What the task requires :: Lines with the word "epsilon": copy all of them from the entries below.

- Opening Delimiter -

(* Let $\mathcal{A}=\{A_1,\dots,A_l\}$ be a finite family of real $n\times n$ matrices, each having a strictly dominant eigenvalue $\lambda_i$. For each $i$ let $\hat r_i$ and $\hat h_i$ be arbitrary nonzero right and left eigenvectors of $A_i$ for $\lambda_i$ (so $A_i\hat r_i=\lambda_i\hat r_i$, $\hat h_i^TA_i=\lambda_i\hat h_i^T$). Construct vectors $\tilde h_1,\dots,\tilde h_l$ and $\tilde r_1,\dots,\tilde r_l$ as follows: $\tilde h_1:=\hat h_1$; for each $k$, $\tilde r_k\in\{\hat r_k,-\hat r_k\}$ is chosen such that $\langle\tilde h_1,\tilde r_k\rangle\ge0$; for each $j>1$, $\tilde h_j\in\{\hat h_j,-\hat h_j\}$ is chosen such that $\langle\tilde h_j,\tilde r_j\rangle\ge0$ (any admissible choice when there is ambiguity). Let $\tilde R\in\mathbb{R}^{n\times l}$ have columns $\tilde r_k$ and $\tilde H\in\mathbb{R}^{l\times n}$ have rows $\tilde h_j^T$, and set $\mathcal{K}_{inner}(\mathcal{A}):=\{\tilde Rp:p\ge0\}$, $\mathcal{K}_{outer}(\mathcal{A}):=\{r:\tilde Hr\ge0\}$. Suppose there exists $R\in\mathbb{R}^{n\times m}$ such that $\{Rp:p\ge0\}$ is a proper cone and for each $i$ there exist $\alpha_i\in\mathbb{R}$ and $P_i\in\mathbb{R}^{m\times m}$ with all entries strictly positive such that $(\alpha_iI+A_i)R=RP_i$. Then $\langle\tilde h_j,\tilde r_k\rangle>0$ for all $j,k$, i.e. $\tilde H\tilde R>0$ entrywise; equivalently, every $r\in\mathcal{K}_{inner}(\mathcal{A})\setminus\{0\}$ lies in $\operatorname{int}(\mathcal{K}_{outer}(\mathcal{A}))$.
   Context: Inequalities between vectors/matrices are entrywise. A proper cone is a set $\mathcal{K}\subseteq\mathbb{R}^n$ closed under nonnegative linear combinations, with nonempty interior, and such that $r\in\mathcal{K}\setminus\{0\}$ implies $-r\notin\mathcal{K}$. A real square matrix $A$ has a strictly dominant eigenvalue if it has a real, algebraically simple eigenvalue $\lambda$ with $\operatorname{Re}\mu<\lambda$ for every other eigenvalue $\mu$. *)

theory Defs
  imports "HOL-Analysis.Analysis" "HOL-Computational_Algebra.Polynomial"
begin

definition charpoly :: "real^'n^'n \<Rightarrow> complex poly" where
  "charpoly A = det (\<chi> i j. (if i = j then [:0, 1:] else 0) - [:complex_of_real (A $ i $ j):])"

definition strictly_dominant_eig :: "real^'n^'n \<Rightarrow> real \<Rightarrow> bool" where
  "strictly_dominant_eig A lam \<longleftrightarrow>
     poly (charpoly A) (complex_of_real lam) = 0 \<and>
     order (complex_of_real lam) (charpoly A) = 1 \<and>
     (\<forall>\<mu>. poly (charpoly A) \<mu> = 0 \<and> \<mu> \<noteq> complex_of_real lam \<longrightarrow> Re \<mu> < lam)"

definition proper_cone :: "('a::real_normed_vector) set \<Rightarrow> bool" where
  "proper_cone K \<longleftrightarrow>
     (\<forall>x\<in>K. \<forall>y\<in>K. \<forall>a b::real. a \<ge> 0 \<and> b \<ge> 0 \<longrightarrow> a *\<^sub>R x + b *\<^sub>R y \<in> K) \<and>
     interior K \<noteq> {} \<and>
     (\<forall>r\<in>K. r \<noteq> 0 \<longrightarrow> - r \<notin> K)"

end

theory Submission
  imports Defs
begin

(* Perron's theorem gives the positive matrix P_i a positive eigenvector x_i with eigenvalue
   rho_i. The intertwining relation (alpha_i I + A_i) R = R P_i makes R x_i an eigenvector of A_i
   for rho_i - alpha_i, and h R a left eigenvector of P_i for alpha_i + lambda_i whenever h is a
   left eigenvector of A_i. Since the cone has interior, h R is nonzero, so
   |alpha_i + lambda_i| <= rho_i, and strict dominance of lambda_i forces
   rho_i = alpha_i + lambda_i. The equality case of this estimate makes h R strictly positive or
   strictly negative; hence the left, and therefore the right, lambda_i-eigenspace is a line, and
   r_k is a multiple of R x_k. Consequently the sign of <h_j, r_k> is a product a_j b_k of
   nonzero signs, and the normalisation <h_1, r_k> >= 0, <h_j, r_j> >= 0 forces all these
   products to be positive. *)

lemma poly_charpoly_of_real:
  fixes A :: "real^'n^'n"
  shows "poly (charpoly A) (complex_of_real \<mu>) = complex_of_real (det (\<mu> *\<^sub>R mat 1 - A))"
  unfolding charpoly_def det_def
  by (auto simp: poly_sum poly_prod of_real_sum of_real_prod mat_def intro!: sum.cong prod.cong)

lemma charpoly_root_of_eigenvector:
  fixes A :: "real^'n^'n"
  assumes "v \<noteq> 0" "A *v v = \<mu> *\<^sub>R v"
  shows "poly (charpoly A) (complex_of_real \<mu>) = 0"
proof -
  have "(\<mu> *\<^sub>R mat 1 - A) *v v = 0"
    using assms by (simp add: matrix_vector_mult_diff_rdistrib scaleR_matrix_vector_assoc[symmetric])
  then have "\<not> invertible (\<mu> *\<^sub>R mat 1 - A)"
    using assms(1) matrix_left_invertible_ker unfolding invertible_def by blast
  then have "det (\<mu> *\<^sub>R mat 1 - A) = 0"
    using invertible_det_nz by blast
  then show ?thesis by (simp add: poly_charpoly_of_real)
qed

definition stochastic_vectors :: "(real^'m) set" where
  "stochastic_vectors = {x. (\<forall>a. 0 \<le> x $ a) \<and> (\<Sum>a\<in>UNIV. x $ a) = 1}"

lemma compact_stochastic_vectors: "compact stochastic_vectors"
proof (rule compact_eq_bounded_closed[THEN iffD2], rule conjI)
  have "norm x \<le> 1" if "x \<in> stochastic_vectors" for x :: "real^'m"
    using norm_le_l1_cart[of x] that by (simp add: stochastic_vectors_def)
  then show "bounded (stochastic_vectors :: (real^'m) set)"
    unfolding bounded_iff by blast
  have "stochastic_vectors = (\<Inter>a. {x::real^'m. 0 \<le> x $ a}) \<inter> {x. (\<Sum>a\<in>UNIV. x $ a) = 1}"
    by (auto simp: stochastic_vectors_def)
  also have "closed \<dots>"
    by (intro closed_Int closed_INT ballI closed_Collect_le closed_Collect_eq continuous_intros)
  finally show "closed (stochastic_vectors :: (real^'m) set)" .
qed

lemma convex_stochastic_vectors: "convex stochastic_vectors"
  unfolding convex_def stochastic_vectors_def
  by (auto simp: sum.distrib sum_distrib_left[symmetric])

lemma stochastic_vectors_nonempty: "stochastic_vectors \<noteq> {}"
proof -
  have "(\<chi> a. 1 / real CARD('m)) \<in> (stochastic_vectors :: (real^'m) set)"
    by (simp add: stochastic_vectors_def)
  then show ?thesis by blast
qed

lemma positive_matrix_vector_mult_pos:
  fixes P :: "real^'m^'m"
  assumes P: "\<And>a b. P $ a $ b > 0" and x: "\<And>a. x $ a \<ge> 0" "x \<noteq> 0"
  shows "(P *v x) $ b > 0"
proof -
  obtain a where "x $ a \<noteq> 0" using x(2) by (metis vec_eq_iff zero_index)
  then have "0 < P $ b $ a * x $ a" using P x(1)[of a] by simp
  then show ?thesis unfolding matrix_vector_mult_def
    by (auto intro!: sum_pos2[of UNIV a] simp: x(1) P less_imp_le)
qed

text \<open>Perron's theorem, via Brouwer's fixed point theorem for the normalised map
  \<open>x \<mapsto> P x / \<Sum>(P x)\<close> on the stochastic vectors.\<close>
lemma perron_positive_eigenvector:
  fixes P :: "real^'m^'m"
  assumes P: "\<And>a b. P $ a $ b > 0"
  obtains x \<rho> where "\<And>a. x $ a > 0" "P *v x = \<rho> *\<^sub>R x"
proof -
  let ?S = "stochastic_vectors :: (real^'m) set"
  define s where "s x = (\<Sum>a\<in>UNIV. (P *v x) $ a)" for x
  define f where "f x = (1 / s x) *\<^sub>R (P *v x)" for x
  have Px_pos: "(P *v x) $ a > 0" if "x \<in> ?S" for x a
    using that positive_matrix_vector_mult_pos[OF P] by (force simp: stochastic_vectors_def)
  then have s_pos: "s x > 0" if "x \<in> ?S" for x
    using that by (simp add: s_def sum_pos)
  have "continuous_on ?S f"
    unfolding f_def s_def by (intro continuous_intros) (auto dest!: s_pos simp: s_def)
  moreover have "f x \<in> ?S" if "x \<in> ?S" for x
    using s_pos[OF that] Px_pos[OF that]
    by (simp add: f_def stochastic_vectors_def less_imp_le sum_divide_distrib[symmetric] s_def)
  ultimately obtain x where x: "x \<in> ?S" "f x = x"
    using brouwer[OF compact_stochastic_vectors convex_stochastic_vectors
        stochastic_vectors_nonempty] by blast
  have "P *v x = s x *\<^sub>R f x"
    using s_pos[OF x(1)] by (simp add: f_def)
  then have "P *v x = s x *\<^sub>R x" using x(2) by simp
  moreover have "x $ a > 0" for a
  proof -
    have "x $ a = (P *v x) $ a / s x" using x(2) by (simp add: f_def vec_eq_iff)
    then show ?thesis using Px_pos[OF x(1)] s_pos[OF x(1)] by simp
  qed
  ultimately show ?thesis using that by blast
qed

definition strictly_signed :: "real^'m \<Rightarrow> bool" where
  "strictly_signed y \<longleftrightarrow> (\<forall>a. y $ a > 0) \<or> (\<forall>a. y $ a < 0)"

- Closing Delimiter -
- Opening Delimiter -

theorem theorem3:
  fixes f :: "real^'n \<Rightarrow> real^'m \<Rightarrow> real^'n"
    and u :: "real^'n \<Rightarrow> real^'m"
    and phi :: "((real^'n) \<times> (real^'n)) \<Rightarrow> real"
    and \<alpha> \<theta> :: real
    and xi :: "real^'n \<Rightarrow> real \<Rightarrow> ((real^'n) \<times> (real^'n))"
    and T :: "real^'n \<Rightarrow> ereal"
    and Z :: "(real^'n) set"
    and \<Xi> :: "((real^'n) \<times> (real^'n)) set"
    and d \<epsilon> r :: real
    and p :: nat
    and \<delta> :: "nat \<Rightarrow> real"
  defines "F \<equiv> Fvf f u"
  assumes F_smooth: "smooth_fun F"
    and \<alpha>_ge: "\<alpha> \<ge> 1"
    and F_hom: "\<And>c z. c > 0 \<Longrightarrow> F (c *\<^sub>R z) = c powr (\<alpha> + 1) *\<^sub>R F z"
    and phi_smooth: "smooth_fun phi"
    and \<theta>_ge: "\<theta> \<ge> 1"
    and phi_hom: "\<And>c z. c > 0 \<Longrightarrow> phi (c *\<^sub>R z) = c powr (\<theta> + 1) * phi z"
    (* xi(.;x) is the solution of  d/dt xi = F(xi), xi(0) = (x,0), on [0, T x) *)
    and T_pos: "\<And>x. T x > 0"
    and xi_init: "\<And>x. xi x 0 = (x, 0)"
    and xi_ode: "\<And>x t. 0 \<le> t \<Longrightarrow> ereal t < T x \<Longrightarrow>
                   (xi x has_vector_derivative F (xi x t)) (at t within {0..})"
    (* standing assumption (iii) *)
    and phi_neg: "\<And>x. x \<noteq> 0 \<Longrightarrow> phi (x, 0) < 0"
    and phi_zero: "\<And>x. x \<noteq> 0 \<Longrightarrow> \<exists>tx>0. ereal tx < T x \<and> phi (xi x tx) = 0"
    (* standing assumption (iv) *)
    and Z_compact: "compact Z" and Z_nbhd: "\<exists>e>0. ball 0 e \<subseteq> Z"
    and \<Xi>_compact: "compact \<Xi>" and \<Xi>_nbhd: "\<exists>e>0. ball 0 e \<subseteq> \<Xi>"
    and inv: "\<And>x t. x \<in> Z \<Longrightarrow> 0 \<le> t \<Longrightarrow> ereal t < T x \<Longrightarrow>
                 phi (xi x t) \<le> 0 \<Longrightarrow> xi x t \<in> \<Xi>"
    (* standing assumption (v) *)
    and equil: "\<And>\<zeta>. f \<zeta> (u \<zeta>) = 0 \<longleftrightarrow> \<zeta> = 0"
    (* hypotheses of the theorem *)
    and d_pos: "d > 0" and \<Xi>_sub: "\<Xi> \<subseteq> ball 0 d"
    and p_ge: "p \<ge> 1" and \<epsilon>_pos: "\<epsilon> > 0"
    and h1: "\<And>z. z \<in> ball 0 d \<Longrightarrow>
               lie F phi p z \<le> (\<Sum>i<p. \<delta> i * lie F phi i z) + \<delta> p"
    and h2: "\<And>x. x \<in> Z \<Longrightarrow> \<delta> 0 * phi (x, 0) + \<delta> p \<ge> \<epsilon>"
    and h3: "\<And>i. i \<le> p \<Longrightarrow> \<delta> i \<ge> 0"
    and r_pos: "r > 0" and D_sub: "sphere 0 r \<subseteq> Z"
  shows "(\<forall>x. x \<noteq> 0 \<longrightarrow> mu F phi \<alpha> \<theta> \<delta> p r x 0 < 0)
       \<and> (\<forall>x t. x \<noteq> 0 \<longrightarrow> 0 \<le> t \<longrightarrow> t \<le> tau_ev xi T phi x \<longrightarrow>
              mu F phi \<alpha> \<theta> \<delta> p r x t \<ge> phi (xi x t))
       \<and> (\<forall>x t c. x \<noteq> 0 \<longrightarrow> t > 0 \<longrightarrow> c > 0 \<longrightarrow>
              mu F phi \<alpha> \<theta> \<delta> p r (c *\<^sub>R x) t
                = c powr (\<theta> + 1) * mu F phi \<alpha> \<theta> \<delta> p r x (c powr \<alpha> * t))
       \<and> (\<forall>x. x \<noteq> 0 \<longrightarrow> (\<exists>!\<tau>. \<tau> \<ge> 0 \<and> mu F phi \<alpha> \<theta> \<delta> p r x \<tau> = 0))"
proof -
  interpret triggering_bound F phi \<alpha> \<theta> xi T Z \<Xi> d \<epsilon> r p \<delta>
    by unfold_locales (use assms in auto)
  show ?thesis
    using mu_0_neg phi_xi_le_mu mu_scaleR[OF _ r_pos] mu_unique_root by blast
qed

- Closing Delimiter -

Written answer ::
    and d \<epsilon> r :: real
    and p_ge: "p \<ge> 1" and \<epsilon>_pos: "\<epsilon> > 0"
    and h2: "\<And>x. x \<in> Z \<Longrightarrow> \<delta> 0 * phi (x, 0) + \<delta> p \<ge> \<epsilon>"
  interpret triggering_bound F phi \<alpha> \<theta> xi T Z \<Xi> d \<epsilon> r p \<delta>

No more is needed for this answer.